──────── SUPPLIED MATERIAL

section \<open>Behaviour of the SC decoder\<close>

lemma fold_upt_Some_update:
  assumes "\<And>a U. a < k \<Longrightarrow> \<exists>v. F a (Some U) = Some (U(a := v)) \<and> P a v"
  shows "\<exists>U. fold F [0..<k] (Some U0) = Some U \<and> (\<forall>a<k. P a (U a))"
  using assms
proof (induction k)
  case (Suc k)
  have "\<exists>U. fold F [0..<k] (Some U0) = Some U \<and> (\<forall>a<k. P a (U a))"
    using Suc.prems by (intro Suc.IH) simp
  then obtain U where U: "fold F [0..<k] (Some U0) = Some U" "\<forall>a<k. P a (U a)"
    by blast
  moreover obtain v where "F k (Some U) = Some (U(k := v))" "P k v"
    using Suc.prems by blast
  ultimately show ?case
    by (auto simp: less_Suc_eq)
qed simp

lemma fold_case_option_None:
  "fold (\<lambda>a acc. case acc of None \<Rightarrow> None | Some U \<Rightarrow> G a U) xs None = None"
  by (induction xs) auto

lemma spc_enc_Suc_block:
  assumes "a < m - 1" "d < m ^ j"
  shows "spc_enc m (Suc j) u (a * m ^ j + d) = spc_enc m j (\<lambda>b. u (a * (m - 1) ^ j + b)) d"
proof -
  have "0 < m ^ j"
    using assms(2) by linarith
  then have "(a * m ^ j + d) div m ^ j = a" "(a * m ^ j + d) mod m ^ j = d"
    using assms(2) by (simp_all add: div_add1_eq)
  then show ?thesis
    using assms(1) by (simp add: Let_def)
qed

lemma spc_sc_msg_unerased:
  assumes "\<And>p. p < m ^ Suc j \<Longrightarrow> y p = Some (spc_enc m (Suc j) u p)" "a < m - 1" "d < m ^ j"
  shows "spc_sc_msg m j y U a d = Some (spc_enc m j (\<lambda>b. u (a * (m - 1) ^ j + b)) d)"
proof -
  have "a * m ^ j + d < m ^ Suc j"
    using assms(2,3) by (intro mult_pow_add_less) auto
  from assms(1)[OF this]
  have "y (a * m ^ j + d) = Some (spc_enc m j (\<lambda>b. u (a * (m - 1) ^ j + b)) d)"
    unfolding spc_enc_Suc_block[OF assms(2,3)] .
  then show ?thesis
    by (simp add: spc_sc_msg_def)
qed

lemma spc_sc_dec_correct:
  assumes "\<And>p. p < m ^ j \<Longrightarrow> y p = Some (spc_enc m j u p)"
  shows "\<exists>f. spc_sc_dec m j y = Some f \<and> (\<forall>q<(m - 1) ^ j. f q = u q)"
  using assms
proof (induction j arbitrary: y u)
  case (Suc j)
  define F where "F a acc = (case acc of None \<Rightarrow> None
      | Some U \<Rightarrow> (case spc_sc_dec m j (spc_sc_msg m j y U a) of
                    None \<Rightarrow> None
                  | Some ua \<Rightarrow> Some (U(a := ua))))" for a acc
  have "\<exists>v. F a (Some U) = Some (U(a := v)) \<and> (\<forall>q<(m - 1) ^ j. v q = u (a * (m - 1) ^ j + q))"
    if "a < m - 1" for a U
  proof -
    have "spc_sc_msg m j y U a d = Some (spc_enc m j (\<lambda>b. u (a * (m - 1) ^ j + b)) d)"
      if "d < m ^ j" for d
      using spc_sc_msg_unerased[OF Suc.prems \<open>a < m - 1\<close> that] .
    then obtain v where "spc_sc_dec m j (spc_sc_msg m j y U a) = Some v"
        "\<forall>q<(m - 1) ^ j. v q = u (a * (m - 1) ^ j + q)"
      using Suc.IH[of "spc_sc_msg m j y U a" "\<lambda>b. u (a * (m - 1) ^ j + b)"] by blast
    then show ?thesis
      by (auto simp: F_def)
  qed
  then obtain U where U: "fold F [0..<m - 1] (Some (\<lambda>_ _. False)) = Some U"
      "\<forall>a<m - 1. \<forall>q<(m - 1) ^ j. U a q = u (a * (m - 1) ^ j + q)"
    using fold_upt_Some_update[of "m - 1" F "\<lambda>a v. \<forall>q<(m - 1) ^ j. v q = u (a * (m - 1) ^ j + q)"]
    by blast
  have "U (q div (m - 1) ^ j) (q mod (m - 1) ^ j) = u q" if "q < (m - 1) ^ Suc j" for q
  proof -
    have "0 < (m - 1) ^ j"
      using that by (cases "(m - 1) ^ j = 0") auto
    then have "q div (m - 1) ^ j < m - 1" "q mod (m - 1) ^ j < (m - 1) ^ j"
      using that by (simp_all add: less_mult_imp_div_less mult.commute)
    then show ?thesis
      using U(2) by (simp add: div_mult_mod_eq)
  qed
  moreover have "spc_sc_dec m (Suc j) y = Some (\<lambda>q. U (q div (m - 1) ^ j) (q mod (m - 1) ^ j))"
    using U(1) unfolding F_def[abs_def] by simp
  ultimately show ?case
    by auto
qed simp

lemma spc_sc_dec_None_if_first_bit_erased:
  assumes "2 \<le> m"
  shows "first_bit_erased m j (\<lambda>p. y p = None) \<Longrightarrow> spc_sc_dec m j y = None"
proof (induction j arbitrary: y)
  case (Suc j)
  have "(\<lambda>d. spc_sc_msg m j y U 0 d = None) =
      (\<lambda>d. y d = None \<and> (\<exists>c. 0 < c \<and> c < m \<and> y (c * m ^ j + d) = None))" for U
    by (rule ext) (auto simp: spc_sc_msg_def Let_def)
  then have "spc_sc_dec m j (spc_sc_msg m j y (\<lambda>_ _. False) 0) = None"
    using Suc by simp
  moreover have "[0..<m - 1] = 0 # [1..<m - 1]"
    using assms by (simp add: upt_conv_Cons)
  ultimately show ?case
    by (simp add: fold_case_option_None)
qed simp

section \<open>The SC block error probability\<close>

definition sc_fails :: "nat \<Rightarrow> (nat \<Rightarrow> bool) \<Rightarrow> nat set \<Rightarrow> bool" where
  "sc_fails m u E \<longleftrightarrow>
     \<not> (\<exists>f. spc_sc_dec m m (\<lambda>p. if p \<in> E then None else Some (spc_enc m m u p)) = Some f \<and>
          (\<forall>q<(m - 1) ^ m. f q = u q))"

lemma P_SC_eq_mean_bern_prob:
  "P_SC m e =
     (\<Sum>S\<in>Pow {..<(m - 1) ^ m}. bern_prob (\<lambda>_. e) {..<m ^ m} (sc_fails m (\<lambda>q. q \<in> S))) / 2 ^ (m - 1) ^ m"
proof -
  have fails: "(if \<exists>f. spc_sc_dec m m (\<lambda>p. if p \<in> E then None else Some (spc_enc m m (\<lambda>q. q \<in> S) p)) = Some f
        \<and> (\<forall>q<(m - 1) ^ m. f q = (q \<in> S)) then 0 else 1) = (of_bool (sc_fails m (\<lambda>q. q \<in> S) E) :: real)"
    for S E
    by (simp add: sc_fails_def)
  have "P_SC m e = 1 / 2 ^ (m - 1) ^ m *
      (\<Sum>S\<in>Pow {..<(m - 1) ^ m}. bern_prob (\<lambda>_. e) {..<m ^ m} (sc_fails m (\<lambda>q. q \<in> S)))"
    unfolding P_SC_def Let_def fails bern_prob_def
    by (intro arg_cong2[where f = "(*)"] refl sum.cong) (simp_all add: bern_weight_const)
  then show ?thesis
    by simp
qed

lemma not_sc_fails_empty: "\<not> sc_fails m u {}"
  using spc_sc_dec_correct[of m m "\<lambda>p. Some (spc_enc m m u p)" u] by (simp add: sc_fails_def)

lemma sc_fails_if_first_bit_erased:
  assumes "2 \<le> m" "first_bit_erased m m (\<lambda>p. p \<in> E)"
  shows "sc_fails m u E"
proof -
  have "(\<lambda>p. (if p \<in> E then None else Some (spc_enc m m u p)) = None) = (\<lambda>p. p \<in> E)"
    by auto
  then show ?thesis
    using spc_sc_dec_None_if_first_bit_erased[OF assms(1)] assms(2) by (simp add: sc_fails_def)
qed
lemma inj_on_theta: "inj_on \<theta> S" if "S \<subseteq> carrier Z2Z4"
  using bij_theta that by (auto simp: bij_betw_def intro: inj_on_subset)

lemma inj_on_delta: "inj_on \<delta> S" if "S \<subseteq> carrier Z2Z4"
  using bij_delta that by (auto simp: bij_betw_def intro: inj_on_subset)

lemma A_disjoint: "(i, j) \<noteq> (k, l) \<Longrightarrow> A i j \<inter> A k l = {}"
  by (auto simp: A_set_def)

lemma card_A_Un: "(i, j) \<noteq> (k, l) \<Longrightarrow> card (A i j \<union> A k l) = card (A i j) + card (A k l)"
  by (rule card_Un_disjoint[OF finite_A finite_A]) (auto simp: A_set_def)

lemma order_4_eq_A44_Un_A42: "{x \<in> carrier Z2Z4. Z2Z4.ord x = 4} = A 4 4 \<union> A 4 2" (is "?L = ?R")
proof (rule Set.set_eqI)
  fix x
  show "x \<in> ?L \<longleftrightarrow> x \<in> ?R"
    using Z2Z4_ord_2_or_4_iff[of x] ord_theta_2_or_4_iff[of x] ord_delta_eq_4_iff[of x]
    by (auto simp: A_set_def theta_one)
qed

lemma order_2_eq_A24_Un_A22: "{x \<in> carrier Z2Z4. Z2Z4.ord x = 2} = A 2 4 \<union> A 2 2" (is "?L = ?R")
proof (rule Set.set_eqI)
  fix x
  show "x \<in> ?L \<longleftrightarrow> x \<in> ?R"
    using Z2Z4_ord_2_or_4_iff[of x] ord_theta_2_or_4_iff[of x] ord_delta_eq_4_iff[of x]
    by (auto simp: A_set_def theta_one)
qed

lemma theta_order_4_eq_A44_Un_A24: "{x \<in> carrier Z2Z4. Z2Z4.ord (\<theta> x) = 4} = A 4 4 \<union> A 2 4" (is "?L = ?R")
proof (rule Set.set_eqI)
  fix x
  show "x \<in> ?L \<longleftrightarrow> x \<in> ?R"
    using Z2Z4_ord_2_or_4_iff[of x] ord_theta_2_or_4_iff[of x] ord_delta_eq_4_iff[of x]
    by (auto simp: A_set_def theta_one)
qed

lemma theta_order_2_eq_A42_Un_A22: "{x \<in> carrier Z2Z4. Z2Z4.ord (\<theta> x) = 2} = A 4 2 \<union> A 2 2" (is "?L = ?R")
proof (rule Set.set_eqI)
  fix x
  show "x \<in> ?L \<longleftrightarrow> x \<in> ?R"
    using Z2Z4_ord_2_or_4_iff[of x] ord_theta_2_or_4_iff[of x] ord_delta_eq_4_iff[of x]
    by (auto simp: A_set_def theta_one)
qed

lemma delta_order_4_eq_A42_Un_A24: "{x \<in> carrier Z2Z4. Z2Z4.ord (\<delta> x) = 4} = A 4 2 \<union> A 2 4" (is "?L = ?R")
proof (rule Set.set_eqI)
  fix x
  show "x \<in> ?L \<longleftrightarrow> x \<in> ?R"
    using Z2Z4_ord_2_or_4_iff[of x] ord_theta_2_or_4_iff[of x] ord_delta_eq_4_iff[of x]
    by (auto simp: A_set_def theta_one)
qed

lemma delta_order_not_4_eq:
  "{x \<in> carrier Z2Z4. Z2Z4.ord (\<delta> x) \<noteq> 4} = insert \<one>\<^bsub>Z2Z4\<^esub> (A 4 4 \<union> A 2 2)" (is "?L = ?R")
proof (rule Set.set_eqI)
  fix x
  show "x \<in> ?L \<longleftrightarrow> x \<in> ?R"
    using Z2Z4_ord_2_or_4_iff[of x] ord_theta_2_or_4_iff[of x] ord_delta_eq_4_iff[of x]
    by (auto simp: A_set_def theta_one)
qed

lemma card_A44: "card (A 4 4) = 2"
  and card_A42: "card (A 4 2) = 2"
proof -
  have order_4: "card {x \<in> carrier Z2Z4. Z2Z4.ord x = 4} = 4"
    by (simp add: Z2Z4_elements_of_order_4)
  have "card (A 4 4) + card (A 4 2) = 4"
    using order_4 by (simp add: order_4_eq_A44_Un_A42 card_A_Un)
  moreover have "card (A 4 4) + card (A 2 4) = 4"
    using card_Collect_bij_betw[OF bij_theta, of "\<lambda>y. Z2Z4.ord y = 4"] order_4
    by (simp add: theta_order_4_eq_A44_Un_A24 card_A_Un)
  moreover have "card (A 4 2) + card (A 2 4) = 4"
    using card_Collect_bij_betw[OF bij_delta, of "\<lambda>y. Z2Z4.ord y = 4"] order_4
    by (simp add: delta_order_4_eq_A42_Un_A24 card_A_Un)
  ultimately show "card (A 4 4) = 2" "card (A 4 2) = 2"
    by linarith+
qed

lemma mult_theta_ne_mult_on_A44:
  assumes A44: "A 4 4 = {x1, x2}" "x1 \<noteq> x2"
  shows "\<theta> x1 \<otimes>\<^bsub>Z2Z4\<^esub> \<theta> x2 \<noteq> x1 \<otimes>\<^bsub>Z2Z4\<^esub> x2"
proof
  assume eq: "\<theta> x1 \<otimes>\<^bsub>Z2Z4\<^esub> \<theta> x2 = x1 \<otimes>\<^bsub>Z2Z4\<^esub> x2"
  have x: "x1 \<in> carrier Z2Z4" "x2 \<in> carrier Z2Z4" "Z2Z4.ord x1 = 4" "Z2Z4.ord (\<theta> x1) = 4"
    using A44 by (auto simp: A_set_def)
  then have \<theta>x: "\<theta> x1 \<in> carrier Z2Z4" "\<theta> x2 \<in> carrier Z2Z4"
    by (simp_all add: theta_closed)
  have "\<delta> x1 \<otimes>\<^bsub>Z2Z4\<^esub> \<delta> x2 = inv\<^bsub>Z2Z4\<^esub> (x1 \<otimes>\<^bsub>Z2Z4\<^esub> x2) \<otimes>\<^bsub>Z2Z4\<^esub> (\<theta> x1 \<otimes>\<^bsub>Z2Z4\<^esub> \<theta> x2)"
    using x \<theta>x by (simp add: Z2Z4.inv_mult Z2Z4.m_ac)
  also have "\<dots> = \<one>\<^bsub>Z2Z4\<^esub>"
    using x eq by simp
  also have "\<dots> = \<delta> x1 \<otimes>\<^bsub>Z2Z4\<^esub> \<delta> x1"
    using x \<theta>x by (intro Z2Z4_mult_self_eq_one[symmetric]) (simp_all add: ord_delta_eq_4_iff)
  finally have "\<delta> x2 = \<delta> x1"
    using x \<theta>x by simp
  then show False
    using inj_on_delta[of "{x1, x2}"] x assms(2) by (auto dest: inj_onD)
qed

────────────────

» **PROBLEM**: The answer consists of the lines above that include the word "bsub", each copied exactly.

» **WRITTEN RESPONSE**:
  "{x \<in> carrier Z2Z4. Z2Z4.ord (\<delta> x) \<noteq> 4} = insert \<one>\<^bsub>Z2Z4\<^esub> (A 4 4 \<union> A 2 2)" (is "?L = ?R")
  shows "\<theta> x1 \<otimes>\<^bsub>Z2Z4\<^esub> \<theta> x2 \<noteq> x1 \<otimes>\<^bsub>Z2Z4\<^esub> x2"
  assume eq: "\<theta> x1 \<otimes>\<^bsub>Z2Z4\<^esub> \<theta> x2 = x1 \<otimes>\<^bsub>Z2Z4\<^esub> x2"
  have "\<delta> x1 \<otimes>\<^bsub>Z2Z4\<^esub> \<delta> x2 = inv\<^bsub>Z2Z4\<^esub> (x1 \<otimes>\<^bsub>Z2Z4\<^esub> x2) \<otimes>\<^bsub>Z2Z4\<^esub> (\<theta> x1 \<otimes>\<^bsub>Z2Z4\<^esub> \<theta> x2)"
  also have "\<dots> = \<one>\<^bsub>Z2Z4\<^esub>"
  also have "\<dots> = \<delta> x1 \<otimes>\<^bsub>Z2Z4\<^esub> \<delta> x1"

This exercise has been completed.